(Records from a dataset)
= = = = =
lemma notin_span_image_diff:
  assumes Y: "independent P L Y" "finite Y" "X \<subseteq> Y" "C \<subseteq> X"
    and "p' \<in> span P' L' (f ` X)" "p' \<notin> span P' L' (f ` (X - C))"
  shows "p' \<notin> span P' L' (f ` (Y - C))"
proof -
  have YP: "Y \<subseteq> P" using Y(1) by (rule source.independent_subset_points)
  have "f ` (X - C) = f ` X - f ` C" "f ` (Y - C) = f ` Y - f ` C"
    by (rule inj_on_image_set_diff[OF inj_on_points]; use YP Y(3,4) in blast)+
  moreover have "p' \<notin> span P' L' (f ` Y - f ` C)" if "p' \<notin> span P' L' (f ` X - f ` C)"
    using target.notin_span_diff[OF independent_image[OF Y(1)] _ _ assms(5) that] Y(2,3) by blast
  ultimately show ?thesis using assms(6) by simp
qed

lemma hyperplane_preimage:
  assumes X: "independent P L X" "finite X" "card X \<le> Suc k" and ab: "a \<in> X" "b \<in> X" "a \<noteq> b"
    and p': "p' \<in> P'" "p' \<in> span P' L' (f ` X)" "p' \<notin> span P' L' (f ` (X - {a, b}))"
  obtains Y B where "X \<subseteq> Y" "independent P L Y" "finite Y" "card Y = Suc (Suc k)"
    "independent P L B" "finite B" "card B = Suc k"
    "Y - {a, b} \<subseteq> span P L B" "span P L B \<subseteq> span P L Y" "p' \<in> span P' L' (f ` B)"
proof -
  obtain Y where Y: "X \<subseteq> Y" "independent P L Y" "finite Y" "card Y = Suc (Suc k)"
    using source.independent_extend[OF dim_source X(1,2), where m = "Suc (Suc k)"] X(3) k_less_n
    by auto
  have YP: "Y \<subseteq> P" using Y(2) by (rule source.independent_subset_points)
  have "a \<in> Y" "b \<in> Y" using ab Y(1) by auto
  let ?D = "insert p' (f ` (Y - {a, b}))"
  have p'_notin: "p' \<notin> span P' L' (f ` (Y - {a, b}))"
    using notin_span_image_diff[OF Y(2,3,1) _ p'(2,3)] ab by blast
  have "independent P L (Y - {a, b})" using Y(2) by (rule source.independent_subset) blast
  then have "independent P' L' ?D"
    using target.independent_insert independent_image p'(1) p'_notin by blast
  moreover have "card ?D = Suc k"
  proof -
    have "card (f ` (Y - {a, b})) = k"
      using card_image[OF inj_on_subset[OF inj_on_points, of "Y - {a, b}"]] YP Y(3,4)
        \<open>a \<in> Y\<close> \<open>b \<in> Y\<close> ab(3) by auto
    moreover have "p' \<notin> f ` (Y - {a, b})"
      using p'_notin target.span_superset[of "f ` (Y - {a, b})"] by blast
    ultimately show ?thesis using Y(3) by simp
  qed
  ultimately obtain B where B: "independent P L B" "finite B" "card B = Suc k"
      "span P' L' (f ` B) = span P' L' ?D"
    using grassmann_preimage Y(3) by blast
  have "Y - {a, b} \<subseteq> span P L B"
    using in_span_image_iff[OF B(1)] B(4) target.span_superset[of ?D] YP by blast
  moreover have "?D \<subseteq> span P' L' (f ` Y)"
    using p'(2) target.span_mono[of "f ` X" "f ` Y"] Y(1) target.span_superset[of "f ` Y"] by blast
  then have "span P' L' (f ` B) \<subseteq> span P' L' (f ` Y)"
    unfolding B(4) using YP image_points by (intro target.span_subset_spanI) auto
  then have "span P L B \<subseteq> span P L Y"
    using span_image_subset_iff[OF Y(2) source.independent_subset_points[OF B(1)]]
      source.span_subset_spanI[OF _ YP] by blast
  moreover have "p' \<in> span P' L' (f ` B)" using B(4) target.span_superset[of ?D] by blast
  ultimately show ?thesis using that Y B(1-3) by blast
qed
= = = = =
Exercise requirements:
Whenever the string "lemma" turns up in a line of the data, copy that line.

Final answer:
lemma notin_span_image_diff:
lemma hyperplane_preimage:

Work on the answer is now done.